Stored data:
definition ctp_cs ::
  "rpoly \<Rightarrow> (nat \<Rightarrow> rpoly) \<Rightarrow> nat \<Rightarrow> (nat \<Rightarrow> rpoly) \<Rightarrow> nat \<Rightarrow> nat \<Rightarrow>
   (nat \<Rightarrow> nat set) \<Rightarrow> (nat \<Rightarrow> nat set) \<Rightarrow> (nat \<Rightarrow> nat set) \<Rightarrow>
   (nat \<Rightarrow> nat \<Rightarrow> real) \<Rightarrow>
   (nat \<Rightarrow> nat \<Rightarrow> (nat option \<times> mon) \<Rightarrow> (nat option \<times> mon) \<Rightarrow> real) \<Rightarrow> bool" where
  "ctp_cs f g m h l p I J W a P \<longleftrightarrow>
     (\<forall>k \<ge> kmin f g m h l. \<forall>j<p.
        a k j > 0
      \<and> pdef (didx g (I j) (J j) k) (P k j)
      \<and> (\<forall>x\<in>didx g (I j) (J j) k. \<forall>z\<in>didx g (I j) (J j) k. fst x \<noteq> fst z \<longrightarrow> P k j x z = 0)
      \<and> (\<forall>y. (\<forall>i\<in>W j. \<forall>\<alpha>\<in>Nset (I j) (k - hdeg (h i)). \<forall>\<beta>\<in>Nset (I j) (k - hdeg (h i)).
                 loc_mat (h i) y \<alpha> \<beta> = 0) \<longrightarrow> y 0 = 1 \<longrightarrow>
             mtrace (didx g (I j) (J j) k)
               (mmult (didx g (I j) (J j) k)
                  (mmult (didx g (I j) (J j) k) (P k j) (Dmat g y)) (P k j)) = a k j))"

end

theory Submission
  imports Defs
begin

text \<open>Apply the Riesz functional L_y, which maps x^alpha to y_alpha, to the polynomial identity
  of (LP_{k,j}). Since every G_i is diagonal, L_y of the term g_i v^T G_i v is the weighted diagonal
  sum of the localizing matrix M(g_i y), and the terms h_i v^T u_i vanish: a monomial of degree
  at most 2(k - ceil h_i) splits as a product of two monomials of degree at most k - ceil h_i, so
  L_y(h_i x^alpha) is an entry of M(h_i y) = 0. Hence xi y_0 = sum of G_b(alpha,alpha) times the
  diagonal entries of D_k(y). As G_b - I is psd and diagonal, the psd square root of G_b is its
  entrywise square root, so P D P has exactly that trace, which is xi when y_0 = 1. Positivity of
  xi follows by taking for y the moments of a point of S(g) and V(h): then every diagonal entry
  of D_k(y) is nonnegative and the (0,0) entry of the moment matrix is 1, so xi >= G_0(0,0) >= 1.\<close>

definition riesz :: "(mon \<Rightarrow> real) \<Rightarrow> rpoly \<Rightarrow> real" where
  "riesz y q = (\<Sum>\<gamma>\<in>Poly_Mapping.keys q. Poly_Mapping.lookup q \<gamma> * y \<gamma>)"

lemma riesz_add: "riesz y (p + q) = riesz y p + riesz y q"
  unfolding riesz_def by (rule setsum_keys_plus_distrib) (simp_all add: distrib_right)

lemma riesz_zero [simp]: "riesz y 0 = 0"
  by (simp add: riesz_def)

lemma riesz_sum: "riesz y (\<Sum>a\<in>A. F a) = (\<Sum>a\<in>A. riesz y (F a))"
  by (induction A rule: infinite_finite_induct) (simp_all add: riesz_add)

lemma riesz_single [simp]: "riesz y (Poly_Mapping.single \<alpha> c) = c * y \<alpha>"
  by (simp add: riesz_def)

lemma riesz_pconst [simp]: "riesz y (pconst c) = c * y 0"
  by (simp add: pconst_def)

lemma riesz_one [simp]: "riesz y 1 = y 0"
  by (simp add: riesz_def)

lemma sum_single_lookup:
  "(\<Sum>\<gamma>\<in>Poly_Mapping.keys q. Poly_Mapping.single \<gamma> (Poly_Mapping.lookup q \<gamma>)) = q"
  by (rule poly_mapping_eqI)
    (simp add: lookup_sum lookup_single when_def not_in_keys_iff_lookup_eq_zero)

lemma riesz_mult_single:
  "riesz y (q * Poly_Mapping.single \<delta> c) = c * loc_mat q y \<delta> 0"
proof -
  have "q * Poly_Mapping.single \<delta> c =
      (\<Sum>\<gamma>\<in>Poly_Mapping.keys q. Poly_Mapping.single (\<gamma> + \<delta>) (Poly_Mapping.lookup q \<gamma> * c))"
    by (subst (1) sum_single_lookup [symmetric]) (simp add: sum_distrib_right mult_single)
  then show ?thesis
    by (simp add: riesz_sum loc_mat_def sum_distrib_left algebra_simps)
qed

lemma riesz_mult_qpoly:
  "riesz y (q * qpoly N G) = (\<Sum>\<alpha>\<in>N. \<Sum>\<beta>\<in>N. G \<alpha> \<beta> * loc_mat q y \<alpha> \<beta>)"
  by (simp add: qpoly_def sum_distrib_left riesz_sum riesz_mult_single loc_mat_def add_ac)

lemma riesz_mult_lpoly:
  "riesz y (q * lpoly N u) = (\<Sum>\<alpha>\<in>N. u \<alpha> * loc_mat q y \<alpha> 0)"
  by (simp add: lpoly_def sum_distrib_left riesz_sum riesz_mult_single)

lemma loc_mat_one [simp]: "loc_mat 1 y = moment_mat y"
  by (simp add: loc_mat_def moment_mat_def fun_eq_iff)

lemma loc_mat_add_zero: "loc_mat q y (\<alpha> + \<beta>) 0 = loc_mat q y \<alpha> \<beta>"
  by (simp add: loc_mat_def)

lemma mdeg_add: "mdeg (\<alpha> + \<beta>) = mdeg \<alpha> + mdeg \<beta>"
  unfolding mdeg_def by (rule setsum_keys_plus_distrib [where f = "\<lambda>_ c. c"]) simp_all

lemma lookup_le_mdeg: "Poly_Mapping.lookup \<alpha> i \<le> mdeg \<alpha>"
  by (cases "i \<in> Poly_Mapping.keys \<alpha>")
    (auto simp: mdeg_def not_in_keys_iff_lookup_eq_zero intro: member_le_sum)

lemma keys_add_mon: "Poly_Mapping.keys (\<alpha> + \<beta> :: mon) = Poly_Mapping.keys \<alpha> \<union> Poly_Mapping.keys \<beta>"
  by (auto simp: in_keys_iff lookup_add)

lemma mon_remove_var:
  fixes \<alpha> :: mon
  assumes "i \<in> Poly_Mapping.keys \<alpha>"
  shows "\<alpha> = (\<alpha> - Poly_Mapping.single i 1) + Poly_Mapping.single i 1"
proof (rule poly_mapping_eqI)
  fix j
  have "1 \<le> Poly_Mapping.lookup \<alpha> i"
    using assms by (simp add: in_keys_iff Suc_le_eq)
  then show "Poly_Mapping.lookup \<alpha> j =
      Poly_Mapping.lookup (\<alpha> - Poly_Mapping.single i 1 + Poly_Mapping.single i 1) j"
    by (cases "j = i") (simp_all add: lookup_add lookup_minus lookup_single)
qed

lemma mdeg_le_double_split:
  "mdeg \<alpha> \<le> 2 * d \<Longrightarrow> \<exists>\<beta> \<gamma>. \<alpha> = \<beta> + \<gamma> \<and> mdeg \<beta> \<le> d \<and> mdeg \<gamma> \<le> d"
proof (induction "mdeg \<alpha>" arbitrary: \<alpha>)
  case 0
  have "\<alpha> = \<alpha> + 0" "mdeg (0::mon) = 0"
    by (simp_all add: mdeg_def)
  with "0" show ?case
    by (metis le0)
next
  case (Suc n)
  then have "\<alpha> \<noteq> 0"
    by (metis mdeg_def keys_zero sum.empty nat.distinct(1))
  then obtain i where "i \<in> Poly_Mapping.keys \<alpha>"
    by (metis keys_eq_empty ex_in_conv)
  define e where "e = (Poly_Mapping.single i 1 :: mon)"
  define \<alpha>' where "\<alpha>' = \<alpha> - e"
  have \<alpha>: "\<alpha> = \<alpha>' + e"
    using mon_remove_var [OF \<open>i \<in> _\<close>] by (simp add: \<alpha>'_def e_def)
  have e: "mdeg e = 1"
    by (simp add: e_def mdeg_def)
  with \<alpha> have deg: "mdeg \<alpha> = mdeg \<alpha>' + 1"
    by (metis mdeg_add)
  then obtain \<beta> \<gamma> where \<alpha>': "\<alpha>' = \<beta> + \<gamma>" "mdeg \<beta> \<le> d" "mdeg \<gamma> \<le> d"
    using Suc by fastforce
  have "mdeg \<beta> + mdeg \<gamma> + 1 \<le> 2 * d"
    using Suc.prems deg \<alpha>' by (simp add: mdeg_add)
  then have "mdeg (\<beta> + e) \<le> d \<or> mdeg (\<gamma> + e) \<le> d"
    unfolding mdeg_add e by linarith
  moreover have "\<alpha> = (\<beta> + e) + \<gamma>" "\<alpha> = \<beta> + (\<gamma> + e)"
    using \<alpha> \<alpha>' by (simp_all add: add_ac)
  ultimately show ?case
    using \<alpha>' by blast
qed

lemma Nset_double_split:
  assumes "\<alpha> \<in> Nset I (2 * d)"
  obtains \<beta> \<gamma> where "\<alpha> = \<beta> + \<gamma>" "\<beta> \<in> Nset I d" "\<gamma> \<in> Nset I d"
  using assms mdeg_le_double_split [of \<alpha> d] by (auto simp: Nset_def keys_add_mon)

**Work instructions**
Reproduce verbatim the lines above, from the line with "by (simp add: e_def mdeg_def)" through the line with "(\<beta> + e) +".

**Exercise solution**
    by (simp add: e_def mdeg_def)
  with \<alpha> have deg: "mdeg \<alpha> = mdeg \<alpha>' + 1"
    by (metis mdeg_add)
  then obtain \<beta> \<gamma> where \<alpha>': "\<alpha>' = \<beta> + \<gamma>" "mdeg \<beta> \<le> d" "mdeg \<gamma> \<le> d"
    using Suc by fastforce
  have "mdeg \<beta> + mdeg \<gamma> + 1 \<le> 2 * d"
    using Suc.prems deg \<alpha>' by (simp add: mdeg_add)
  then have "mdeg (\<beta> + e) \<le> d \<or> mdeg (\<gamma> + e) \<le> d"
    unfolding mdeg_add e by linarith
  moreover have "\<alpha> = (\<beta> + e) + \<gamma>" "\<alpha> = \<beta> + (\<gamma> + e)"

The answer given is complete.